Kannon: Aaron Wise (+135) over Gary Woodland: By simply the stats that I am looking at this week, Wise ought to be favored. I understand Gary Woodland has been playing great golf but +135 is way too generous on Wise.

Austin Cook (+100) over Russell Henley: Once again, my numbers favor the underdog. Over the last year, Cook has been the better putter, scrambler—and makes more birdies.

Riccio: Rickie Fowler (-120) over Bryson DeChambeau: My model shows a preference on fading DeChambeau this week compared to the other favorites. Though the rough isn't penal at TPC Summerlin, the stats show a correlation between driving accuracy and success here in the past—another reason to not like Bryson this week, as his driver has shown itself to be inconsistent at times. Rickie usually plays well in the desert—and I like his high ball flight into these greens.

Hennessey: Patrick Cantlay (-130) over Jordan Spieth. This isn't the best price to pay against one of the best players in the world, but I'm going with the strong recent form of Cantlay returning to the course he earned his first PGA Tour victory at last season. I think Spieth can play well this week, but I'm leaning with Cantlay to have the stronger result.

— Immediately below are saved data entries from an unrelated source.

(* With the notation of the context, the semigroup $U$ is generated by elements $u\in U$ satisfying $\varphi_u(e)\le 2$ for all $e\in E$. Consequently, under the isomorphism $k[\mathrm{Rep}_{Q,c}(\beta,r)]^{\mathrm{SL}(\beta)}\cong k[U][y_b]_{b\in B}$, the ring of semi-invariants is generated by the monomials corresponding to such $u$ together with the variables $y_b$ (i.e. generators occur in multidegrees with $\varphi_u(e)\le 2$ for all endpoints $e$ and with each band variable of degree at most $1$).
   Context: $k$ algebraically closed; $Q$ acyclic quiver with coloring $c:Q_1\to S$ (each $c^{-1}(s)$ the arrow set of a directed path) such that $kQ/I_c$ is a gentle string algebra ($I_c$ generated by all $ba$ with $ha=tb$, $c(a)=c(b)$). $\beta$ a dimension vector; $\mathfrak{X}$ the set of $(x,s)\in Q_0\times S$ such that an arrow of color $s$ has head or tail $x$; $i(x,s)$, $o(x,s)$ the arrow of color $s$ with head, resp. tail, $x$ (or $\emptyset$). A vertex is lonely if it lies in exactly one pair of $\mathfrak{X}$, coupled if in two. $r$ is a maximal rank sequence: $r:Q_1\to\mathbb{N}$, $r(i(x,s))+r(o(x,s))\le\beta_x$ for all $(x,s)\in\mathfrak{X}$ ($r(\emptyset)=0$), maximal coordinatewise. $\mathrm{Rep}_{Q,c}(\beta,r)$: representations of $kQ/I_c$ of dimension $\beta$ with $\operatorname{rank}V_a\le r(a)$. Partition equivalence graph: vertex set $\Sigma=\{\alpha_i^{(x,s)}:(x,s)\in\mathfrak{X},1\le i\le\beta_x-1\}$, edges (i) $\alpha_i^{(x,s_1)}$—$\alpha_{\beta_x-i}^{(x,s_2)}$ for coupled $x$ with pairs $(x,s_1),(x,s_2)$, $1\le i\le\beta_x-1$; (ii) $\alpha_i^{(x,s)}$—$\alpha_{\beta_y-i}^{(y,s)}$ for each arrow $a:x\to y$ of color $s$, $1\le i\le r(a)-1$. Path components with at least one edge are strings, cycle components are bands ($B$ = set of bands); $E$ is the set of string endpoints and $\Theta:E\to E$ swaps the endpoints of each string. For $u:Q_1\to\mathbb{N}$ ($u(\emptyset)=0$), $\varphi_u(\alpha_i^{(x,s)})=0$ if $x$ lonely, and $=[i=r(o(x,s))]u(o(x,s))+[i=\beta_x-r(i(x,s))]u(i(x,s))$ if $x$ coupled. $U=\{u:Q_1\to\mathbb{N}:\varphi_u(e)=\varphi_u(\Theta e)\ \forall e\in E\}$. The paper proves $k[\mathrm{Rep}_{Q,c}(\beta,r)]^{\mathrm{SL}(\beta)}\cong k[U][y_b]_{b\in B}$ (polynomial ring in one variable per band over $k[U]$). *)

theory Defs
  imports Main
begin
text \<open>The Lyapunov inequality dV/dt <= -2 k theta' V, valid when the energy space is nontrivial
  (so that omega_2 >= 1).\<close>
lemma lyapunov_inequality:
  assumes x: "x \<in> DomA" and nontriv: "\<exists>v\<in>VR. v \<noteq> 0"
  shows "2 * Q x (opA x) \<le> - 2 * k * \<theta> * V x"
proof -
  define n1 where "n1 = norm (fst x)"
  define \<beta>' where "\<beta>' = norm (R (snd x))"
  have w2: "\<omega>2 \<ge> 1" using nontriv omega2_ge_1 by blast
  have "\<theta> \<le> (\<omega>1 - 1) / 2" unfolding theta'_def by (rule min.cobounded1)
  then have th1: "2 * \<theta> \<le> \<omega>1 - 1" by (simp add: field_simps)
  have "\<theta> \<le> (1 - p - q) / \<omega>2" unfolding theta'_def by (rule min.cobounded2)
  then have th2: "\<theta> * \<omega>2 \<le> 1 - p - q" using w2 by (simp add: le_divide_eq)
  have th0: "\<theta> \<ge> 0" unfolding theta'_def using omega1 pq w2 by simp
  have "- 2 * k * (\<omega>1 - 1) * n1\<^sup>2 \<le> - 2 * k * \<theta> * (2 * n1\<^sup>2)"
    using mult_left_mono[OF th1, of "k * n1\<^sup>2"] k_pos by (simp add: algebra_simps)
  moreover have "- 2 * k * (1 - p - q) * \<beta>'\<^sup>2 \<le> - 2 * k * \<theta> * (\<omega>2 * \<beta>'\<^sup>2)"
    using mult_left_mono[OF th2, of "k * \<beta>'\<^sup>2"] k_pos by (simp add: algebra_simps)
  moreover have "- 2 * k * \<theta> * (2 * n1\<^sup>2 + \<omega>2 * \<beta>'\<^sup>2) \<le> - 2 * k * \<theta> * V x"
    using V_upper Dom_H[OF x] k_pos th0 by (simp add: n1_def \<beta>'_def mult_left_mono)
  ultimately show ?thesis using dissipation_bound[OF x] by (simp add: n1_def \<beta>'_def algebra_simps)
qed

lemma V_derivative:
  assumes z: "z \<in> DomA" and t: "t \<ge> 0"
  shows "((\<lambda>s. V (Tsg s z)) has_real_derivative 2 * Q (Tsg t z) (opA (Tsg t z))) (at t within {0..})"
proof -
  define x where "x = Tsg t z"
  define x' where "x' = opA x"
  have zH: "z \<in> H" and xH: "x \<in> H" and x'H: "x' \<in> H"
    using Dom_H[OF z] Dom_H G_H generator_commutes(1)[OF z t] by (auto simp: x_def x'_def)
  define qv where "qv s = (1 / (s - t)) *\<^sub>R (Tsg s z - x)" for s
  define e where "e s = hn (qv s - x')" for s
  have e0: "(e \<longlongrightarrow> 0) (at t within {0..})"
    using orbit_derivative[OF z t] unfolding has_deriv_N_def e_def qv_def x_def x'_def .
  define B where "B s = 2 * KQ * hn x * e s + \<bar>s - t\<bar> * KQ * (e s + hn x')\<^sup>2" for s
  have bound: "\<bar>(V (Tsg s z) - V x) / (s - t) - 2 * Q x x'\<bar> \<le> B s" if s: "s \<ge> 0" "s \<noteq> t" for s
  proof -
    have qvH: "qv s \<in> H" unfolding qv_def using T_in s zH xH by (simp add: Hsp_diff Hsp_scaleR)
    have "Tsg s z = x + (s - t) *\<^sub>R qv s" using s by (simp add: qv_def)
    then have eq: "(V (Tsg s z) - V x) / (s - t) - 2 * Q x x' = 2 * Q x (qv s - x') + (s - t) * V (qv s)"
      using V_quotient[OF xH qvH, of "s - t"] s Q_diff_right[OF qvH x'H] by simp
    have b1: "\<bar>2 * Q x (qv s - x')\<bar> \<le> 2 * KQ * hn x * e s"
      using Q_bound[OF xH Hsp_diff[OF qvH x'H]] by (simp add: e_def)
    have "hn (qv s) \<le> e s + hn x'"
      using hnorm_triangle[OF Hsp_diff[OF qvH x'H] x'H] by (simp add: e_def)
    then have "(hn (qv s))\<^sup>2 \<le> (e s + hn x')\<^sup>2" by (rule power_mono) simp
    then have "\<bar>V (qv s)\<bar> \<le> KQ * (e s + hn x')\<^sup>2"
      using V_bound[OF qvH] mult_left_mono[of _ _ KQ] KQ_pos by (meson less_imp_le order_trans)
    then have b2: "\<bar>(s - t) * V (qv s)\<bar> \<le> \<bar>s - t\<bar> * KQ * (e s + hn x')\<^sup>2"
      by (simp add: abs_mult mult_left_mono mult.assoc)
    show ?thesis unfolding B_def eq
      using abs_triangle_ineq[of "2 * Q x (qv s - x')" "(s - t) * V (qv s)"] b1 b2 by linarith
  qed
  have "(B \<longlongrightarrow> 2 * KQ * hn x * 0 + \<bar>t - t\<bar> * KQ * (0 + hn x')\<^sup>2) (at t within {0..})"
    unfolding B_def by (intro tendsto_intros e0)
  then have "(B \<longlongrightarrow> 0) (at t within {0..})" by simp
  then have "((\<lambda>s. (V (Tsg s z) - V x) / (s - t) - 2 * Q x x') \<longlongrightarrow> 0) (at t within {0..})"
    by (rule Lim_null_comparison[rotated]) (auto simp: eventually_at_filter intro!: always_eventually bound)
  then show ?thesis
    unfolding has_field_derivative_iff x'_def x_def by (rule LIM_zero_cancel)
qed
text \<open>With \<open>J = inN I i\<close> and \<open>e j = (j, i)\<close> this is the variable \<open>z\<^sub>C\<^sub>D\<^sup>i\<^sup>b\<close> of PAe, with
  \<open>J = outN I i\<close> and \<open>e j = (i, j)\<close> the variable \<open>z\<^sub>D\<^sub>C\<^sup>i\<^sup>b\<close>.\<close>

definition transfer_flow :: "('k \<Rightarrow> 'n \<times> 'n \<Rightarrow> real) \<Rightarrow> ('n, 'k) dispersion \<Rightarrow> 'j set
    \<Rightarrow> ('j \<Rightarrow> 'n \<times> 'n) \<Rightarrow> 'k set \<Rightarrow> 'k set \<Rightarrow> real" where
  "transfer_flow x b J e C D = (\<Sum>j\<in>{j\<in>J. snd b (e j) = C}. aggregate_flow x (e j) (C \<inter> D))"

lemma sum_transfer_flow_Mset:
  assumes "finite (fst b)" "C \<subseteq> fst b"
  shows "(\<Sum>D\<in>{D\<in>Mset I b i. C \<inter> D \<noteq> {}}. transfer_flow x b J e C D)
       = (\<Sum>j\<in>{j\<in>J. snd b (e j) = C}. aggregate_flow x (e j) C)"
proof -
  have "(\<Sum>D\<in>{D\<in>Mset I b i. C \<inter> D \<noteq> {}}. transfer_flow x b J e C D)
      = (\<Sum>j\<in>{j\<in>J. snd b (e j) = C}. \<Sum>D\<in>{D\<in>Mset I b i. C \<inter> D \<noteq> {}}. aggregate_flow x (e j) (C \<inter> D))"
    unfolding transfer_flow_def by (rule sum.swap)
  also have "\<dots> = (\<Sum>j\<in>{j\<in>J. snd b (e j) = C}. aggregate_flow x (e j) C)"
    unfolding aggregate_flow_def
    by (intro sum.cong refl sum_partition_inter[OF assms(1) partition_on_Mset assms(2)])
  finally show ?thesis .
qed

lemma sum_transfer_flow_groups:
  assumes "finite J"
  shows "(\<Sum>C\<in>{C\<in>{snd b (e j) |j. j \<in> J \<and> snd b (e j) \<noteq> {}}. C \<inter> D \<noteq> {}}. transfer_flow x b J e C D)
       = (\<Sum>j\<in>J. aggregate_flow x (e j) (snd b (e j) \<inter> D))"
proof -
  let ?g = "\<lambda>j. snd b (e j)"
  let ?h = "\<lambda>j. aggregate_flow x (e j) (?g j \<inter> D)"
  let ?S = "{j\<in>J. ?g j \<noteq> {}}"
  have groups: "{?g j |j. j \<in> J \<and> ?g j \<noteq> {}} = ?g ` ?S"
    by auto
  have "(\<Sum>C\<in>{C\<in>?g ` ?S. C \<inter> D \<noteq> {}}. transfer_flow x b J e C D)
      = (\<Sum>C\<in>?g ` ?S. transfer_flow x b J e C D)"
    by (rule sum.mono_neutral_left) (use assms in \<open>auto simp: transfer_flow_def aggregate_flow_def\<close>)
  also have "\<dots> = (\<Sum>C\<in>?g ` ?S. sum ?h {j\<in>?S. ?g j = C})"
    by (rule sum.cong) (auto simp: transfer_flow_def intro!: sum.cong)
  also have "\<dots> = sum ?h ?S"
    by (rule sum.group) (use assms in auto)
  also have "\<dots> = sum ?h J"
    by (rule sum.mono_neutral_left) (use assms in \<open>auto simp: aggregate_flow_def\<close>)
  finally show ?thesis
    unfolding groups .
qed

lemma sum_disaggregated_Mset:
  assumes "finite J" "D \<in> Mset I b i" "\<And>j. j \<in> J \<Longrightarrow> disagg b (e j) \<subseteq> Lset I b i"
  shows "(\<Sum>j\<in>{j\<in>J. \<exists>k. D = {k} \<and> k \<in> disagg b (e j)}. aggregate_flow x (e j) D)
       = (\<Sum>j\<in>J. aggregate_flow x (e j) (D \<inter> disagg b (e j)))"
  unfolding sum.inter_filter[OF assms(1)]
  by (rule sum.cong) (auto simp: Mset_inter[OF assms(2,3)] aggregate_flow_def)
lemma perm_sorted: "k \<in> {1..CARD('n)} \<Longrightarrow> l \<in> {1..CARD('n)} \<Longrightarrow> k \<le> l \<Longrightarrow> x$(\<pi> l) \<le> x$(\<pi> k)"
  using assoc_perm unfolding is_assoc_perm_def by blast

definition top_indicator :: "nat \<Rightarrow> real^('n::{finite,linorder})" where
  "top_indicator b = coord_indicator (\<pi> ` {1..b})"

lemma top_indicator_nth:
  assumes "k \<in> {1..CARD('n)}" "b \<le> CARD('n)"
  shows "top_indicator b $ \<pi> k = (if k \<le> b then 1 else 0)"
  using assms perm_inj by (auto simp: top_indicator_def coord_indicator_def)

lemma inj_on_top_indicator: "inj_on top_indicator {1..CARD('n)}"
proof (rule linorder_inj_onI')
  fix b c
  assume "b \<in> {1..CARD('n)}" "c \<in> {1..CARD('n)}" "b < c"
  then have "top_indicator b $ \<pi> c \<noteq> top_indicator c $ \<pi> c"
    by (simp add: top_indicator_nth)
  then show "top_indicator b \<noteq> top_indicator c"
    by metis
qed

lemma card_image_top_indicator:
  "B \<subseteq> {1..CARD('n)} \<Longrightarrow> card (top_indicator ` B) = card B"
  using card_image inj_on_subset[OF inj_on_top_indicator] by blast

text \<open>Each \<open>top_indicator b\<close> has a coordinate, \<open>\<pi> b\<close>, on which all earlier ones vanish.\<close>
lemma independent_top_indicator:
  assumes "B \<subseteq> {1..CARD('n)}"
  shows "independent (top_indicator ` B)"
proof -
  have "finite B"
    using assms finite_subset by blast
  then show ?thesis
    using assms
  proof (induction B rule: finite_linorder_max_induct)
    case (insert b B)
    have b: "b \<in> {1..CARD('n)}"
      using insert.prems by simp
    have "top_indicator ` B \<subseteq> {v. v $ \<pi> b = 0}"
      using insert b by (auto simp: top_indicator_nth)
    then have "span (top_indicator ` B) \<subseteq> {v. v $ \<pi> b = 0}"
      by (rule span_minimal) (auto simp: subspace_def)
    moreover have "top_indicator b $ \<pi> b = 1"
      using b by (simp add: top_indicator_nth)
    ultimately have "top_indicator b \<notin> span (top_indicator ` B)"
      by auto
    then show ?case
      using insert by (simp add: independent_insertI)
  qed (simp add: independent_empty)
qed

Powers: Kevin Na (+150) over Gary Woodland — I know Woodland has been red hot (T-5 CIMB, runner-up CJ Cup) but Kevin Na’s past history at TPC Summerlin makes him a juicy play at +150. In addition to winning the event in 2011, Na, who resides in Las Vegas, finished tied for 2nd here in 2015, T-22 in 2012 and T-15 in 2008. Woodland, meanwhile, has never played in the Shriners.

(Matchup results last week: Powers: 1 for 1; Hennessey: 1 for 1; Beall: 1 for 1; Kannon: 0 for 3.)

(Matchup results year to date: Hennessey: 4 for 7; Powers: 3 for 4; Beall: 1 for 2; Kannon: 4 for 13.)

Sleepers (odds from Sportsbook.ag):

Kannon: Chris Kirk (120-1), Hudson Swafford (120-1), and Joel Dahmen (150-1). I like three long-shots this week. This event has often been won by first-time winners and/or big long shots. These three have a lot of what I am looking for this week and I also like how Swafford has won in the desert before at La Quinta in 2017 in addition to finishing well here in Las Vegas in prior visits.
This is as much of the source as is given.